Some people will store them on the hard drives or maybe cut them to HD-DVDs. While others will move their crap to offsite storage at a data center. This will be especially important when people start downloading HD-DVD movie content. Those files will fill up even the biggest hard-drives in no time flat. So offsite is one of the only places to amass a very big library that you can take anywhere there is a next generation superfast broadband connection. The idea of all of your data available anytime, anywhere on any form of media (PC, TV, IPod etc.) is the Holy Grail of Consumer Electronics.
This is just the consumer side of the coin. The corporate side will dwarf this all-together. With Sarbanes-Oxley, companies have to hold on to more piles of useless, redundant crap then ever before. They cannot hope to have all this stuff stored cheaply and easily in-house and will have to rely on data centers to hold onto this info. The electrical power savings alone of keeping data at a data center and not at the home office will be massive for some companies. This is also great for disaster preparedness and productivity since you will be able to access all of your data at any time from anyplace in the world through that super-fast broadband connection.
Even HPs recent acquisions will tie into this idea of the need to store peoples crap:
Far beyond its history as a device maker, Lampman also said that its online photography business Snapfish.com, which HP acquired last year, is a prime example of how the company wants to expand its printing business.
"Snapfish is a real force," Lampman said describing the expectations executives have in the new unit that competes with Yahoo's Flickr and many other Web-based digital photo printing and storage services.

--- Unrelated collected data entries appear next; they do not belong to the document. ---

(* Let $\mathfrak{H}$ be a Hoffman graph in which every slim vertex has exactly one fat neighbour, and suppose $\mathcal{S}(\mathfrak{H})$ is isomorphic to $\mathcal{Q}_{p,q,r}$ for some non-negative integers $p,q,r$ with $p+q\le r$. Then $\mathfrak{H}$ is an induced Hoffman subgraph of a Hoffman graph $\mathfrak{H}'$ with $V^s(\mathfrak{H}')=V^s(\mathfrak{H})$ that has a decomposition $\{\mathfrak{H}^i\}_{i=1}^r$ in which every $\mathfrak{H}^i$ is isomorphic to $\mathfrak{H}_{\rm XVI}$, $\mathfrak{H}_{\rm XVII}$, or $\mathfrak{H}_{\rm II}$. In particular, if $r\ge2$ then $\mathfrak{H}$ is $(-1-\tau)$-reducible, where $\tau=\frac{1+\sqrt5}{2}$.
   Context: A Hoffman graph $\mathfrak{H}$ is a finite simple graph $H$ together with a labeling of each vertex as slim or fat, such that every fat vertex is adjacent to at least one slim vertex and the fat vertices are pairwise non-adjacent. $V^s(\mathfrak{H})$ denotes the set of slim vertices and $N^f_{\mathfrak{H}}(x)$ the set of fat neighbours of $x$. Isomorphisms of Hoffman graphs are graph isomorphisms preserving labels. An induced Hoffman subgraph is a Hoffman graph whose underlying graph is an induced subgraph with inherited labels. Writing the adjacency matrix of $H$ with fat vertices last as $\begin{pmatrix}A_s & C\\ C^T & O\end{pmatrix}$, set $B(\mathfrak{H})=A_s-CC^T$; $\lambda_{\min}(\mathfrak{H})$ is its smallest eigenvalue. A decomposition of $\mathfrak{H}$ is a family $\{\mathfrak{H}^i\}_{i=1}^n$ of induced Hoffman subgraphs such that: (i) $V(\mathfrak{H})=\bigcup_i V(\mathfrak{H}^i)$; (ii) slim vertex sets of distinct members are disjoint; (iii) if $x\in V^s(\mathfrak{H}^i)$ and $y$ is a fat neighbour of $x$ in $\mathfrak{H}$, then $y\in V(\mathfrak{H}^i)$; (iv) if $x\in V^s(\mathfrak{H}^i)$, $y\in V^s(\mathfrak{H}^j)$, $i\neq j$, then $|N^f_{\mathfrak{H}}(x)\cap N^f_{\mathfrak{H}}(y)|\le 1$, with equality iff $x,y$ are adjacent. For $\alpha<0$, a Hoffman graph $\mathfrak{H}$ with $\lambda_{\min}(\mathfrak{H})\ge\alpha$ is $\alpha$-reducible if there exist a Hoffman graph $\mathfrak{H}'$ containing $\mathfrak{H}$ as an induced Hoffman subgraph and a decomposition $\{\mathfrak{H}^1,\mathfrak{H}^2\}$ of $\mathfrak{H}'$ with $\lambda_{\min}(\mathfrak{H}^i)\ge\alpha$ and $V^s(\mathfrak{H}^i)\cap V^s(\mathfrak{H})\ne\emptyset$ for $i=1,2$. The special graph $\mathcal{S}(\mathfrak{H})$ is the edge-signed graph with vertex set $V^s(\mathfrak{H})$ in which distinct $u,v$ are joined by a $(+)$-edge iff adjacent in $\mathfrak{H}$ with no common fat neighbour, by a $(-)$-edge iff non-adjacent in $\mathfrak{H}$ with a common fat neighbour, and not joined otherwise. For $p+q\le r$, $\mathcal{Q}_{p,q,r}$ is the edge-signed graph with vertex set a disjoint union $V_p\cup V_q\cup V_r$ of sizes $p,q,r$, with disjoint $U_p,U_q\subseteq V_r$ of sizes $p,q$ and bijections $\sigma:V_p\to U_p$, $\rho:V_q\to U_q$; $(+)$-edges: all pairs of distinct vertices of $V_r$ and all $\{v,\sigma(v)\}$, $v\in V_p$; $(-)$-edges: all $\{v,\rho(v)\}$, $v\in V_q$; no other edges. Named Hoffman graphs: $\mathfrak{H}_{\rm II}$ has one slim vertex $v$, two fat vertices $f_1,f_2$, edges $\{v,f_1\},\{v,f_2\}$. $\mathfrak{H}_{\rm XVI}$ has slim vertices $v_1,v_2$, fat vertices $f_1,f_2,f_3$, edges $\{v_1,v_2\},\{v_1,f_1\},\{v_1,f_2\},\{v_2,f_3\}$. $\mathfrak{H}_{\rm XVII}$ has slim vertices $v_1,v_2$, fat vertices $f_1,f_2$, edges $\{v_1,f_1\},\{v_1,f_2\},\{v_2,f_2\}$. *)

theory Defs
  imports Complex_Main
begin

record 'a hgraph =
  hverts :: "'a set"
  hfat :: "'a set"
  hadj :: "'a \<Rightarrow> 'a \<Rightarrow> bool"

definition slim :: "('a, 'b) hgraph_scheme \<Rightarrow> 'a set" where
  "slim H = hverts H - hfat H"

definition fat_nbrs :: "('a, 'b) hgraph_scheme \<Rightarrow> 'a \<Rightarrow> 'a set" where
  "fat_nbrs H x = {f \<in> hfat H. hadj H x f}"

definition hoffman_graph :: "'a hgraph \<Rightarrow> bool" where
  "hoffman_graph H \<longleftrightarrow>
     finite (hverts H) \<and> hfat H \<subseteq> hverts H \<and>
     (\<forall>x y. hadj H x y \<longrightarrow> x \<in> hverts H \<and> y \<in> hverts H) \<and>
     (\<forall>x y. hadj H x y \<longrightarrow> hadj H y x) \<and>
     (\<forall>x. \<not> hadj H x x) \<and>
     (\<forall>f \<in> hfat H. \<exists>x \<in> slim H. hadj H f x) \<and>
     (\<forall>f \<in> hfat H. \<forall>g \<in> hfat H. \<not> hadj H f g)"

definition hiso :: "'a hgraph \<Rightarrow> 'b hgraph \<Rightarrow> bool" where
  "hiso G K \<longleftrightarrow> (\<exists>f. bij_betw f (hverts G) (hverts K) \<and>
      (\<forall>x \<in> hverts G. x \<in> hfat G \<longleftrightarrow> f x \<in> hfat K) \<and>
      (\<forall>x \<in> hverts G. \<forall>y \<in> hverts G. hadj G x y \<longleftrightarrow> hadj K (f x) (f y)))"

definition induced_hsub :: "'a hgraph \<Rightarrow> 'a hgraph \<Rightarrow> bool" where
  "induced_hsub K G \<longleftrightarrow> hoffman_graph K \<and> hverts K \<subseteq> hverts G \<and>
     hfat K = hfat G \<inter> hverts K \<and>
     (\<forall>x y. hadj K x y \<longleftrightarrow> (x \<in> hverts K \<and> y \<in> hverts K \<and> hadj G x y))"

text \<open>The matrix B(H) = A_s - C C^T, indexed by the slim vertices.\<close>
definition Bmat :: "'a hgraph \<Rightarrow> 'a \<Rightarrow> 'a \<Rightarrow> real" where
  "Bmat H x y = (if hadj H x y then 1 else 0) - real (card (fat_nbrs H x \<inter> fat_nbrs H y))"

definition is_eigenvalue_on :: "'a set \<Rightarrow> ('a \<Rightarrow> 'a \<Rightarrow> real) \<Rightarrow> real \<Rightarrow> bool" where
  "is_eigenvalue_on S M \<mu> \<longleftrightarrow> (\<exists>v :: 'a \<Rightarrow> real. (\<exists>x \<in> S. v x \<noteq> 0) \<and>
      (\<forall>x \<in> S. (\<Sum>y \<in> S. M x y * v y) = \<mu> * v x))"

definition lambda_min :: "'a hgraph \<Rightarrow> real" where
  "lambda_min H = Min {\<mu>. is_eigenvalue_on (slim H) (Bmat H) \<mu>}"

definition decomposition :: "'a hgraph \<Rightarrow> 'i set \<Rightarrow> ('i \<Rightarrow> 'a hgraph) \<Rightarrow> bool" where
  "decomposition G I Hs \<longleftrightarrow>
     (\<forall>i \<in> I. induced_hsub (Hs i) G) \<and>
     hverts G = (\<Union>i \<in> I. hverts (Hs i)) \<and>
     (\<forall>i \<in> I. \<forall>j \<in> I. i \<noteq> j \<longrightarrow> slim (Hs i) \<inter> slim (Hs j) = {}) \<and>
     (\<forall>i \<in> I. \<forall>x \<in> slim (Hs i). \<forall>y \<in> hfat G. hadj G x y \<longrightarrow> y \<in> hverts (Hs i)) \<and>
     (\<forall>i \<in> I. \<forall>j \<in> I. i \<noteq> j \<longrightarrow> (\<forall>x \<in> slim (Hs i). \<forall>y \<in> slim (Hs j).
         card (fat_nbrs G x \<inter> fat_nbrs G y) \<le> 1 \<and>
         (card (fat_nbrs G x \<inter> fat_nbrs G y) = 1 \<longleftrightarrow> hadj G x y)))"

definition reducible :: "real \<Rightarrow> 'a hgraph \<Rightarrow> bool" where
  "reducible \<alpha> H \<longleftrightarrow> lambda_min H \<ge> \<alpha> \<and>
     (\<exists>H' Hs. hoffman_graph H' \<and> induced_hsub H H' \<and>
        decomposition H' {1::nat, 2} Hs \<and>
        (\<forall>i \<in> {1::nat, 2}. lambda_min (Hs i) \<ge> \<alpha> \<and> slim (Hs i) \<inter> slim H \<noteq> {}))"

record 'a sgraph =
  sverts :: "'a set"
  spos :: "'a \<Rightarrow> 'a \<Rightarrow> bool"
  sneg :: "'a \<Rightarrow> 'a \<Rightarrow> bool"

definition sgraph_iso :: "'a sgraph \<Rightarrow> 'b sgraph \<Rightarrow> bool" where
  "sgraph_iso S T \<longleftrightarrow> (\<exists>f. bij_betw f (sverts S) (sverts T) \<and>
      (\<forall>x \<in> sverts S. \<forall>y \<in> sverts S.
         (spos S x y \<longleftrightarrow> spos T (f x) (f y)) \<and> (sneg S x y \<longleftrightarrow> sneg T (f x) (f y))))"

definition special_graph :: "'a hgraph \<Rightarrow> 'a sgraph" where
  "special_graph H = \<lparr> sverts = slim H,
     spos = (\<lambda>u v. u \<in> slim H \<and> v \<in> slim H \<and> u \<noteq> v \<and> hadj H u v \<and>
                    fat_nbrs H u \<inter> fat_nbrs H v = {}),
     sneg = (\<lambda>u v. u \<in> slim H \<and> v \<in> slim H \<and> u \<noteq> v \<and> \<not> hadj H u v \<and>
                    fat_nbrs H u \<inter> fat_nbrs H v \<noteq> {}) \<rparr>"

text \<open>A concrete copy of Q_{p,q,r} on nat: V_r = {0..<r}, U_p = {0..<p},
  U_q = {p..<p+q}, V_p = {r..<r+p} with sigma(r+i) = i,
  V_q = {r+p..<r+p+q} with rho(r+p+i) = p+i.\<close>
definition Qgraph :: "nat \<Rightarrow> nat \<Rightarrow> nat \<Rightarrow> nat sgraph" where
  "Qgraph p q r = \<lparr> sverts = {0..<r+p+q},
     spos = (\<lambda>u v. (u < r \<and> v < r \<and> u \<noteq> v) \<or>
                    (r \<le> u \<and> u < r+p \<and> v = u - r) \<or>
                    (r \<le> v \<and> v < r+p \<and> u = v - r)),
     sneg = (\<lambda>u v. (r+p \<le> u \<and> u < r+p+q \<and> v = u - r) \<or>
                    (r+p \<le> v \<and> v < r+p+q \<and> u = v - r)) \<rparr>"

definition edges_adj :: "(nat \<times> nat) list \<Rightarrow> nat \<Rightarrow> nat \<Rightarrow> bool" where
  "edges_adj es x y \<longleftrightarrow> (x, y) \<in> set es \<or> (y, x) \<in> set es"

definition H_II :: "nat hgraph" where
  "H_II = \<lparr> hverts = {0,1,2}, hfat = {1,2}, hadj = edges_adj [(0,1),(0,2)] \<rparr>"

definition H_XVI :: "nat hgraph" where
  "H_XVI = \<lparr> hverts = {0,1,2,3,4}, hfat = {2,3,4},
     hadj = edges_adj [(0,1),(0,2),(0,3),(1,4)] \<rparr>"

definition H_XVII :: "nat hgraph" where
  "H_XVII = \<lparr> hverts = {0,1,2,3}, hfat = {2,3},
     hadj = edges_adj [(0,2),(0,3),(1,3)] \<rparr>"

definition golden_tau :: real where
  "golden_tau = (1 + sqrt 5) / 2"

end

theory Submission
  imports Defs "Jordan_Normal_Form.Spectral_Radius"
begin

(* Enumerate the slim vertices of H along the isomorphism S(H) ~ Q_{p,q,r}:
   g 0, ..., g (r-1) form V_r and g (r+k), k < p+q, is matched to g k.  As each slim vertex
   x has a unique fat neighbour fat_of x, a (+)-edge means "adjacent with different fat
   neighbours", a (-)-edge "non-adjacent with the same fat neighbour", and a non-edge
   "adjacent iff same fat neighbour".  Adding a new fat vertex F adjacent to all of V_r gives
   a Hoffman graph H' with the same slim vertices, decomposed into the pieces
   {g k, fat_of (g k), F} (plus {g (r+k), fat_of (g (r+k))} if k < p+q), which are copies of
   H_XVI (k < p), H_XVII (p <= k < p+q) and H_II (otherwise).
   For reducibility we bound quadratic forms: B(H) = B(H') + j j^T with j the indicator of
   V_r, the form of B(H') is the sum of those of the pieces, and each piece has form
   >= (-1-tau)|v|^2 by a 2x2 golden-ratio computation; a form bound bounds lambda_min, which
   exists because real symmetric matrices have real eigenvalues.  Merging the first piece
   and the remaining ones gives the required two-part decomposition. *)

section \<open>Eigenvalues of real symmetric matrices\<close>

lemma eigenvalue_of_is_eigenvalue_on:
  fixes M :: "'a \<Rightarrow> 'a \<Rightarrow> real"
  assumes g: "bij_betw g {0..<n} S" and ev: "is_eigenvalue_on S M \<mu>"
  shows "eigenvalue (mat n n (\<lambda>(i,j). M (g i) (g j))) \<mu>"
proof -
  let ?A = "mat n n (\<lambda>(i,j). M (g i) (g j))"
  from ev obtain v where v0: "\<exists>x\<in>S. v x \<noteq> 0"
    and eq: "\<forall>x\<in>S. (\<Sum>y\<in>S. M x y * v y) = \<mu> * v x"
    unfolding is_eigenvalue_on_def by blast
  define w where "w = vec n (\<lambda>i. v (g i))"
  from v0 obtain x where x: "x \<in> S" "v x \<noteq> 0" by blast
  then obtain i where i: "i < n" "g i = x" using g unfolding bij_betw_def by auto
  have "w \<noteq> 0\<^sub>v n" using i x unfolding w_def by (metis index_vec index_zero_vec(1))
  moreover have "?A *\<^sub>v w = \<mu> \<cdot>\<^sub>v w"
  proof (rule eq_vecI)
    fix i assume "i < dim_vec (\<mu> \<cdot>\<^sub>v w)"
    hence i: "i < n" unfolding w_def by simp
    have gi: "g i \<in> S" using g i unfolding bij_betw_def by auto
    have "(?A *\<^sub>v w) $ i = (\<Sum>j<n. M (g i) (g j) * v (g j))"
      using i unfolding w_def by (simp add: scalar_prod_def atLeast0LessThan)
    also have "\<dots> = (\<Sum>y\<in>S. M (g i) y * v y)"
      using sum.reindex_bij_betw[OF g] by (simp add: atLeast0LessThan)
    also have "\<dots> = \<mu> * v (g i)" using eq gi by simp
    finally show "(?A *\<^sub>v w) $ i = (\<mu> \<cdot>\<^sub>v w) $ i" using i unfolding w_def by simp
  qed (simp add: w_def)
  moreover have "w \<in> carrier_vec n" unfolding w_def by simp
  ultimately show ?thesis unfolding eigenvalue_def eigenvector_def by auto
qed

lemma is_eigenvalue_on_of_eigenvalue:
  fixes M :: "'a \<Rightarrow> 'a \<Rightarrow> real"
  assumes g: "bij_betw g {0..<n} S" and ev: "eigenvalue (mat n n (\<lambda>(i,j). M (g i) (g j))) \<mu>"
  shows "is_eigenvalue_on S M \<mu>"
proof -
  let ?A = "mat n n (\<lambda>(i,j). M (g i) (g j))"
  obtain w where w: "w \<in> carrier_vec n" "w \<noteq> 0\<^sub>v n" "?A *\<^sub>v w = \<mu> \<cdot>\<^sub>v w"
    using ev unfolding eigenvalue_def eigenvector_def by auto
  define v where "v = (\<lambda>x. w $ (the_inv_into {0..<n} g x))"
  have vg: "v (g j) = w $ j" if "j < n" for j
    using that g unfolding v_def bij_betw_def by (simp add: the_inv_into_f_f)
  obtain i where i: "i < n" "w $ i \<noteq> 0"
    using w(1,2) by (metis carrier_vecD eq_vecI index_zero_vec)
  have "\<exists>x\<in>S. v x \<noteq> 0" using i vg g unfolding bij_betw_def by force
  moreover have "(\<Sum>y\<in>S. M x y * v y) = \<mu> * v x" if "x \<in> S" for x
  proof -
    obtain i where i: "i < n" "g i = x" using g \<open>x \<in> S\<close> unfolding bij_betw_def by auto
    have "(\<Sum>y\<in>S. M x y * v y) = (\<Sum>j<n. M (g i) (g j) * w $ j)"
      using sum.reindex_bij_betw[OF g, of "\<lambda>y. M x y * v y"] i vg by (simp add: atLeast0LessThan)
    also have "\<dots> = (?A *\<^sub>v w) $ i" using i w(1) by (simp add: scalar_prod_def atLeast0LessThan)
    also have "\<dots> = \<mu> * w $ i" using w(1,3) i by simp
    also have "\<dots> = \<mu> * v x" using vg[OF i(1)] i(2) by simp
    finally show ?thesis .
  qed
  ultimately show ?thesis unfolding is_eigenvalue_on_def by blast
qed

Yup the consumer will be able to snap the photos on a wireless enabled digital camera, upload them to an HP run data center, and then jump onto a network enabled kiosk and print out the photo using an HP printer. This idea will also allow grandparents to go to a kiosk at their local Best Buy to make prints of their grandson falling off of his bike 2000 miles away without any need for a PC, a home network connection, a memory card, or anything more then a user name and password.
They could even streamline the picture taking process to make it so as soon as you snap a picture it will immediately store the data at an HP run data center. You could even set it to print out on your network enabled home printer as soon as you hit a button on the camera from the other side of the world. You won't ever have a need for a bunch of memory cards piled up in your camera bag ready to get lost somewhere. Now that is looking ahead.